Your instructions:
Copy all lines below containing "distinct".

▬▬▬▬▬▬▬▬▬▬

text \<open>Of three indices two lie in the same half \<open>{0..3}\<close> or \<open>{4..7}\<close>.\<close>

lemma ewedge3_eq_0_if_split_along_halves:
  assumes G: "\<And>i. i < 8 \<Longrightarrow> homog 1 (G i)"
    and lo: "split_along G \<gamma>" and hi: "split_along (\<lambda>i. G (i + 4)) \<gamma>"
    and abc: "a < 8" "b < 8" "c < 8"
  shows "G a \<wedge> G b \<wedge> G c \<wedge> \<gamma> = 0"
proof -
  have pair: "G x \<wedge> G y \<wedge> \<gamma> = 0" if "x < 8" "y < 8" "(x < 4) = (y < 4)" for x y
  proof (cases "x < 4")
    case True
    then show ?thesis using split_along_ewedge_pair[OF lo] G that by auto
  next
    case False
    then have "G x \<wedge> G y \<wedge> \<gamma> = G (x - 4 + 4) \<wedge> G (y - 4 + 4) \<wedge> \<gamma>"
      using that by simp
    also have "\<dots> = 0"
      by (rule split_along_ewedge_pair[OF hi, of "x - 4" "y - 4"]) (use G False that in auto)
    finally show ?thesis .
  qed
  have pair_past: "G x \<wedge> G y \<wedge> Z \<wedge> \<gamma> = 0" if "x < 8" "y < 8" "(x < 4) = (y < 4)" for x y Z
  proof -
    have "G x \<wedge> G y \<wedge> Z \<wedge> \<gamma> = ((G x \<wedge> G y) \<wedge> Z) \<wedge> \<gamma>"
      by (simp add: ewedge_assoc)
    also have "\<dots> = (Z \<wedge> G x \<wedge> G y) \<wedge> \<gamma>"
      using ewedge_homog2_commute[OF G G, OF that(1,2)] by simp
    also have "\<dots> = Z \<wedge> G x \<wedge> G y \<wedge> \<gamma>"
      by (simp add: ewedge_assoc)
    finally show ?thesis using pair[OF that] by simp
  qed
  consider "(a < 4) = (b < 4)" | "(a < 4) = (c < 4)" | "(b < 4) = (c < 4)" by auto
  then show ?thesis
  proof cases
    case 1
    then show ?thesis using pair_past abc by simp
  next
    case 2
    then show ?thesis
      using pair_past[of a c "G b"] ewedge_homog1_anticommute[OF G G, OF abc(2,3)] abc
      by (simp add: ewedge_uminus_right)
  next
    case 3
    then show ?thesis using pair abc by simp
  qed
qed

section \<open>Wedging with \<open>\<omega>\<^sub>r\<close> is injective on 3-forms\<close>

lemma sum_lessThan_4_eq:
  fixes i j l m :: nat
  assumes "i < 4" "j < 4" "l < 4" "m < 4" "i \<noteq> j" "i \<noteq> l" "i \<noteq> m" "j \<noteq> l" "j \<noteq> m" "l \<noteq> m"
  shows "(\<Sum>t<4. f t) = f i + f j + f l + (f m :: 'a::comm_monoid_add)"
proof -
  have "{i, j, l, m} \<subseteq> {..<4}" "card {i, j, l, m} = 4" using assms by auto
  then have "{..<4::nat} = {i, j, l, m}" by (metis card_lessThan card_subset_eq finite_lessThan)
  then show ?thesis using assms by (simp add: add.assoc)
qed

lemma sum_lessThan_4: "(\<Sum>k<(4::nat). f k) = f 0 + f 1 + f 2 + (f 3 :: 'a::comm_monoid_add)"
  by (simp add: eval_nat_numeral add.assoc)

lemma obtain_fourth_index:
  fixes i j l :: nat
  obtains m where "m < 4" "m \<noteq> i" "m \<noteq> j" "m \<noteq> l"
proof -
  have "card {i, j, l} \<le> 3"
    using card_length[of "[i, j, l]"] by simp
  moreover have "card {..<4::nat} \<le> card {i, j, l}" if "{..<4} \<subseteq> {i, j, l}"
    using that by (intro card_mono) auto
  ultimately obtain m where "m < 4" "m \<notin> {i, j, l}" by fastforce
  then show ?thesis using that by simp
qed

lemma not_distinct_remove1: "\<not> distinct L \<Longrightarrow> \<exists>x. x \<in> set (remove1 x L)"
proof (induction L)
  case (Cons y L)
  show ?case
  proof (cases "y \<in> set L")
    case True
    then show ?thesis by (intro exI[of _ y]) simp
  next
    case False
    with Cons obtain x where "x \<in> set (remove1 x L)" by auto
    moreover have "x \<noteq> y" using False calculation by (meson notin_set_remove1)
    ultimately show ?thesis by (intro exI[of _ x]) simp
  qed
qed simp

text \<open>\<open>\<omega>\<^sub>r = e\<^sup>1\<^sup>5 + e\<^sup>2\<^sup>6 + e\<^sup>3\<^sup>7 + e\<^sup>4\<^sup>0\<close> is the sum over \<open>k < 4\<close> of the planes spanned by
  \<open>e\<^bsub>plane_fst k\<^esub>\<close> and \<open>e\<^bsub>plane_snd k\<^esub>\<close>; \<open>plane_of n\<close> is the plane containing \<open>e\<^sup>n\<close>.\<close>

definition plane_fst :: "nat \<Rightarrow> nat" where "plane_fst k = k + 1"
definition plane_snd :: "nat \<Rightarrow> nat" where "plane_snd k = (k + 5) mod 8"
definition plane_of :: "nat \<Rightarrow> nat" where "plane_of n = ((n + 7) mod 8) mod 4"

lemma plane_of_less: "plane_of n < 4"
  by (simp add: plane_of_def)

lemma plane_fst_less: "k < 4 \<Longrightarrow> plane_fst k < 8"
  by (simp add: plane_fst_def)

lemma plane_snd_less: "plane_snd k < 8"
  by (simp add: plane_snd_def)

lemma plane_of_plane_snd: "k < 4 \<Longrightarrow> plane_of (plane_snd k) = k"
proof -
  assume "k < 4"
  then consider "k = 0" | "k = 1" | "k = 2" | "k = 3" by linarith
  then show ?thesis by cases (simp_all add: plane_of_def plane_snd_def)
qed

lemma plane_of_cases: "n < 8 \<Longrightarrow> n = plane_fst (plane_of n) \<or> n = plane_snd (plane_of n)"
proof -
  assume "n < 8"
  then consider "n = 0" | "n = 1" | "n = 2" | "n = 3" | "n = 4" | "n = 5" | "n = 6" | "n = 7"
    by linarith
  then show ?thesis by cases (simp_all add: plane_of_def plane_fst_def plane_snd_def)
qed

text \<open>A form killed by \<open>\<omega>\<^sub>r\<close> is killed by all 5-fold products of the coframe; for a 3-form
  this forces it to vanish.\<close>

locale lefschetz_kernel =
  fixes E :: "nat \<Rightarrow> eform" and \<beta> :: eform
  assumes homog1_E: "\<And>n. n < 8 \<Longrightarrow> homog 1 (E n)"
    and omega_ewedge_eq_0: "(\<Sum>k<4. E (plane_fst k) \<wedge> E (plane_snd k)) \<wedge> \<beta> = 0"
begin

definition plane :: "nat \<Rightarrow> eform" where
  "plane k = E (plane_fst k) \<wedge> E (plane_snd k)"

lemma plane_commute:
  assumes "k < 4"
  shows "plane k \<wedge> X = X \<wedge> plane k"
  unfolding plane_def by (intro ewedge_homog2_commute homog1_E plane_fst_less plane_snd_less assms)

lemma plane_ewedge_swap: "k < 4 \<Longrightarrow> plane k \<wedge> Z \<wedge> Y = Z \<wedge> plane k \<wedge> Y"
  by (metis plane_commute ewedge_assoc)

lemma annihilates_plane_of:
  assumes "n < 8"
  shows "annihilates (E n) (plane (plane_of n))"
  using plane_of_cases[OF assms]
proof
  assume "n = plane_fst (plane_of n)"
  then show ?thesis
    unfolding plane_def by (metis annihilates_ewedge_left annihilates_self homog1_E assms)
next
  assume "n = plane_snd (plane_of n)"
  then show ?thesis
    unfolding plane_def by (metis annihilates_ewedge_right annihilates_self homog1_E assms)
qed

lemma plane_of_ewedge_eq_0: "n < 8 \<Longrightarrow> plane (plane_of n) \<wedge> E n \<wedge> Y = 0"
  using annihilates_plane_of[of n] plane_commute[OF plane_of_less]
  by (simp add: annihilates_def ewedge_assoc[symmetric])

lemma plane_plane_eq_0:
  assumes "k < 4"
  shows "plane k \<wedge> plane k \<wedge> Y = 0"
proof -
  have "E (plane_snd k) \<wedge> plane k = 0"
    using annihilates_plane_of[OF plane_snd_less, of k] plane_of_plane_snd[OF assms]
    by (simp add: annihilates_def)
  then have "plane k \<wedge> plane k = 0"
    by (simp add: plane_def ewedge_assoc)
  then show ?thesis
    by (simp add: ewedge_assoc[symmetric])
qed

lemma ewedge_same_plane:
  assumes "a < 8" "b < 8" "a \<noteq> b" "plane_of a = plane_of b"
  shows "E a \<wedge> E b \<wedge> Y = plane (plane_of a) \<wedge> Y \<or> E a \<wedge> E b \<wedge> Y = - (plane (plane_of a) \<wedge> Y)"
  using plane_of_cases[OF assms(1)] plane_of_cases[OF assms(2)] assms(3,4)
    ewedge_homog1_anticommute[OF homog1_E homog1_E, OF assms(1,2), of Y]
  by (auto simp: plane_def ewedge_assoc)

lemma sum_plane_ewedge_eq_0:
  assumes "x < 4" "s < 8"
  shows "(\<Sum>t<4. plane x \<wedge> plane t \<wedge> E s \<wedge> \<beta>) = 0"
proof -
  have "(\<Sum>t<4. plane t \<wedge> \<beta>) = 0"
    using omega_ewedge_eq_0 by (simp add: plane_def ewedge_sum_left)
  then have "plane x \<wedge> E s \<wedge> (\<Sum>t<4. plane t \<wedge> \<beta>) = 0" by simp
  then show ?thesis
    by (simp add: ewedge_sum_right plane_ewedge_swap)
qed

lemma plane_plane_ewedge_eq_0:
  assumes i: "i < 4" and j: "j < 4" and s: "s < 8"
    and distinct: "i \<noteq> j" "i \<noteq> plane_of s" "j \<noteq> plane_of s"
  shows "plane i \<wedge> plane j \<wedge> E s \<wedge> \<beta> = 0"
proof -
  define l where "l = plane_of s"
  define F where "F x y = plane x \<wedge> plane y \<wedge> E s \<wedge> \<beta>" for x y
  have l: "l < 4" unfolding l_def by (rule plane_of_less)
  obtain m where m: "m < 4" "m \<noteq> i" "m \<noteq> j" "m \<noteq> l"
    using obtain_fourth_index by blast
  have F_sym: "F x y = F y x" if "x < 4" "y < 4" for x y
    unfolding F_def by (rule plane_ewedge_swap[OF that(1)])
  have diag: "F x x = 0" if "x < 4" for x
    unfolding F_def using plane_plane_eq_0[OF that] .
  have col: "F x l = 0" for x
    unfolding F_def l_def using plane_of_ewedge_eq_0[OF s] by simp
  have row: "F x i + F x j + F x l + F x m = 0" if "x < 4" for x
  proof -
    have "(\<Sum>t<4. F x t) = 0"
      unfolding F_def by (rule sum_plane_ewedge_eq_0[OF that s])
    moreover have "(\<Sum>t<4. F x t) = F x i + F x j + F x l + F x m"
      by (rule sum_lessThan_4_eq) (use i j l m distinct l_def in auto)
    ultimately show ?thesis by simp
  qed
  have h1: "F i j + F i m = 0"
    using row[OF i] diag[OF i] col[of i] by simp
  have h2: "F i j + F j m = 0"
    using row[OF j] diag[OF j] col[of j] F_sym[OF i j] by simp
  have h3: "F i m + F j m = 0"
    using row[OF m(1)] diag[OF m(1)] col[of m] F_sym[OF i m(1)] F_sym[OF j m(1)] by simp
  have "F i j K = 0" for K
    using fun_cong[OF h1, of K] fun_cong[OF h2, of K] fun_cong[OF h3, of K] by simp
  then have "F i j = 0" by auto
  then show ?thesis unfolding F_def .
qed

definition plane_wedge3 :: "nat \<Rightarrow> nat \<Rightarrow> nat \<Rightarrow> nat \<Rightarrow> eform" where
  "plane_wedge3 k a b c = plane k \<wedge> E a \<wedge> E b \<wedge> E c \<wedge> \<beta>"

lemma plane_wedge3_swap12: "a < 8 \<Longrightarrow> b < 8 \<Longrightarrow> plane_wedge3 k a b c = - plane_wedge3 k b a c"
  unfolding plane_wedge3_def
  using ewedge_homog1_anticommute[OF homog1_E homog1_E, of a b] by (simp add: ewedge_uminus_right)

lemma plane_wedge3_swap23: "b < 8 \<Longrightarrow> c < 8 \<Longrightarrow> plane_wedge3 k a b c = - plane_wedge3 k a c b"
  unfolding plane_wedge3_def
  using ewedge_homog1_anticommute[OF homog1_E homog1_E, of b c] by (simp add: ewedge_uminus_right)
(* Let $C$ and $C'$ be filtered chain complexes with strictly filtration-decreasing differentials, and let $a\in\mathbb{R}$, $\delta>0$. Assume $C^{[a+\delta,a+3\delta)}=C^{[a,a+4\delta)}$ are both two-dimensional, while $C'^{[a,a+4\delta)}=0$. Assume there are chain maps $\phi\colon C\to C'$ and $\psi\colon C'\to C$, both of degree $\epsilon>0$, such that $\psi\phi$ and $\phi\psi$ are homotopic to automorphisms of filtered chain complexes via chain homotopies of degree $\epsilon$. If $\delta>\epsilon>0$, then $C^{[a+\delta,a+3\delta)}$ is a complex generated by two elements $x,y$ with $\partial x=ky$ for some unit $k$.
   Context: For a filtered complex $C$ with action filtration $\ell$, $C^{<a}=\ell^{-1}(-\infty,a)$ and $C^{[a,b)}=C^{<b}/C^{<a}$ is the quotient complex in the action window $[a,b)$. A map has degree $\epsilon$ if it raises action by at most $\epsilon$. An automorphism of filtered chain complexes is a degree-zero chain map with degree-zero inverse. *)

theory Defs
  imports Complex_Main "HOL-Library.Extended_Real"
begin

text \<open>
  A filtered chain complex over a field 'k: a 'k-vector space (carrier type 'v,
  scalar multiplication s), a linear differential d with d o d = 0, and an action
  filtration l : C -> R u {-infinity} (values in ereal, never +infinity) which is
  non-Archimedean, invariant under nonzero scalars, with l x = -infinity iff x = 0.
  (Ungraded.)
\<close>

definition filtered_complex ::
  "('k::field \<Rightarrow> 'v::ab_group_add \<Rightarrow> 'v) \<Rightarrow> ('v \<Rightarrow> 'v) \<Rightarrow> ('v \<Rightarrow> ereal) \<Rightarrow> bool" where
  "filtered_complex s d l \<longleftrightarrow>
     vector_space s \<and> Vector_Spaces.linear s s d \<and> (\<forall>x. d (d x) = 0) \<and>
     (\<forall>x. l x \<noteq> \<infinity>) \<and> (\<forall>x. l x = -\<infinity> \<longleftrightarrow> x = 0) \<and>
     (\<forall>x y. l (x + y) \<le> max (l x) (l y)) \<and>
     (\<forall>c x. c \<noteq> 0 \<longrightarrow> l (s c x) = l x)"

definition strictly_decreasing :: "('v::zero \<Rightarrow> 'v) \<Rightarrow> ('v \<Rightarrow> ereal) \<Rightarrow> bool" where
  "strictly_decreasing d l \<longleftrightarrow> (\<forall>x. x \<noteq> 0 \<longrightarrow> l (d x) < l x)"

▬▬▬▬▬▬▬▬▬▬

Solved exercise:
lemma not_distinct_remove1: "\<not> distinct L \<Longrightarrow> \<exists>x. x \<in> set (remove1 x L)"
    and distinct: "i \<noteq> j" "i \<noteq> plane_of s" "j \<noteq> plane_of s"
      by (rule sum_lessThan_4_eq) (use i j l m distinct l_def in auto)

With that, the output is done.